→ Your task: Each entry here needs to be given again exactly.

(Excerpts from a dataset)
(* In the free group $\mathbb{F}_2$ on $a,b$, set $a_0:=b^{-1}$, $b_0:=aba^{-1}$ and recursively $a_n:=a_{n-1}b_{n-1}$, $b_n:=a_{n-1}^{-1}b_{n-1}^{-1}$ for $n\ge1$. Let $n>0$. Then the reduced words representing $a_n$ and $b_n$ satisfy: if $n\equiv 0\pmod 3$, $a_n$ begins with $b^{-1}$ and ends with $b^{-1}$, and $b_n$ begins with $ab$ and ends with $ba^{-1}$; if $n\equiv 1\pmod 3$, $a_n$ begins with $b^{-1}$ and ends with $ba^{-1}$, and $b_n$ begins with $b$ and ends with $b^{-1}a^{-1}$; if $n\equiv 2\pmod 3$, $a_n$ begins with $b^{-1}$ and ends with $b^{-1}a^{-1}$, and $b_n$ begins with $ab^{-1}$ and ends with $b^{-1}$. Consequently, for all $n\in\mathbb{N}$ there is no cancellation in the product $a_n^{-1}b_n^{-1}$, and the product $a_nb_n$ involves cancellation if and only if $n\equiv 2\pmod 3$, in which case exactly the term $a^{-1}a$ cancels. Hence for $n\in\mathbb{N}$, $$\ell(a_{n+1})=\ell(a_n)+\ell(b_n)-\begin{cases}2 & n\equiv 2\pmod 3\\ 0&\text{otherwise}\end{cases},\qquad \ell(b_{n+1})=\ell(a_n)+\ell(b_n),$$ and $$\ell(a_n)=\begin{cases}\frac{13\cdot 2^n-6}{7}& n\equiv0\pmod 3\\ \frac{13\cdot 2^n+2}{7}& n\equiv1\pmod 3\\ \frac{13\cdot 2^n+4}{7}& n\equiv2\pmod 3\end{cases},\qquad \ell(b_n)=\begin{cases}\frac{13\cdot 2^n+8}{7}& n\equiv0\pmod 3\\ \frac{13\cdot 2^n+2}{7}& n\equiv1\pmod 3\\ \frac{13\cdot 2^n+4}{7}& n\equiv2\pmod 3\end{cases}.$$ In particular there is a constant $C'>0$ with $\ell(a_n)\le C'\cdot 2^n$ for all $n$.
   Context: $\ell$ denotes word length in $\mathbb{F}_2$ with respect to $\{a,a^{-1},b,b^{-1}\}$. *)

theory Defs
  imports Complex_Main "HOL-Library.Sublist"
begin

text \<open>The free group F_2 on generators a, b, modelled by freely reduced words.
  A letter is a pair (g, e) with g a generator and e = True meaning the inverse g^-1.\<close>

datatype gen = A | B

type_synonym letter = "gen \<times> bool"
type_synonym word = "letter list"

definition inv_letter :: "letter \<Rightarrow> letter" where
  "inv_letter x = (fst x, \<not> snd x)"

fun push :: "letter \<Rightarrow> word \<Rightarrow> word" where
  "push x [] = [x]"
| "push x (y # ys) = (if y = inv_letter x then ys else x # y # ys)"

→ Answer section:
(* In the free group $\mathbb{F}_2$ on $a,b$, set $a_0:=b^{-1}$, $b_0:=aba^{-1}$ and recursively $a_n:=a_{n-1}b_{n-1}$, $b_n:=a_{n-1}^{-1}b_{n-1}^{-1}$ for $n\ge1$. Let $n>0$. Then the reduced words representing $a_n$ and $b_n$ satisfy: if $n\equiv 0\pmod 3$, $a_n$ begins with $b^{-1}$ and ends with $b^{-1}$, and $b_n$ begins with $ab$ and ends with $ba^{-1}$; if $n\equiv 1\pmod 3$, $a_n$ begins with $b^{-1}$ and ends with $ba^{-1}$, and $b_n$ begins with $b$ and ends with $b^{-1}a^{-1}$; if $n\equiv 2\pmod 3$, $a_n$ begins with $b^{-1}$ and ends with $b^{-1}a^{-1}$, and $b_n$ begins with $ab^{-1}$ and ends with $b^{-1}$. Consequently, for all $n\in\mathbb{N}$ there is no cancellation in the product $a_n^{-1}b_n^{-1}$, and the product $a_nb_n$ involves cancellation if and only if $n\equiv 2\pmod 3$, in which case exactly the term $a^{-1}a$ cancels. Hence for $n\in\mathbb{N}$, $$\ell(a_{n+1})=\ell(a_n)+\ell(b_n)-\begin{cases}2 & n\equiv 2\pmod 3\\ 0&\text{otherwise}\end{cases},\qquad \ell(b_{n+1})=\ell(a_n)+\ell(b_n),$$ and $$\ell(a_n)=\begin{cases}\frac{13\cdot 2^n-6}{7}& n\equiv0\pmod 3\\ \frac{13\cdot 2^n+2}{7}& n\equiv1\pmod 3\\ \frac{13\cdot 2^n+4}{7}& n\equiv2\pmod 3\end{cases},\qquad \ell(b_n)=\begin{cases}\frac{13\cdot 2^n+8}{7}& n\equiv0\pmod 3\\ \frac{13\cdot 2^n+2}{7}& n\equiv1\pmod 3\\ \frac{13\cdot 2^n+4}{7}& n\equiv2\pmod 3\end{cases}.$$ In particular there is a constant $C'>0$ with $\ell(a_n)\le C'\cdot 2^n$ for all $n$.
   Context: $\ell$ denotes word length in $\mathbb{F}_2$ with respect to $\{a,a^{-1},b,b^{-1}\}$. *)

theory Defs
  imports Complex_Main "HOL-Library.Sublist"
begin

text \<open>The free group F_2 on generators a, b, modelled by freely reduced words.
  A letter is a pair (g, e) with g a generator and e = True meaning the inverse g^-1.\<close>

datatype gen = A | B

type_synonym letter = "gen \<times> bool"
type_synonym word = "letter list"

definition inv_letter :: "letter \<Rightarrow> letter" where
  "inv_letter x = (fst x, \<not> snd x)"

fun push :: "letter \<Rightarrow> word \<Rightarrow> word" where
  "push x [] = [x]"
| "push x (y # ys) = (if y = inv_letter x then ys else x # y # ys)"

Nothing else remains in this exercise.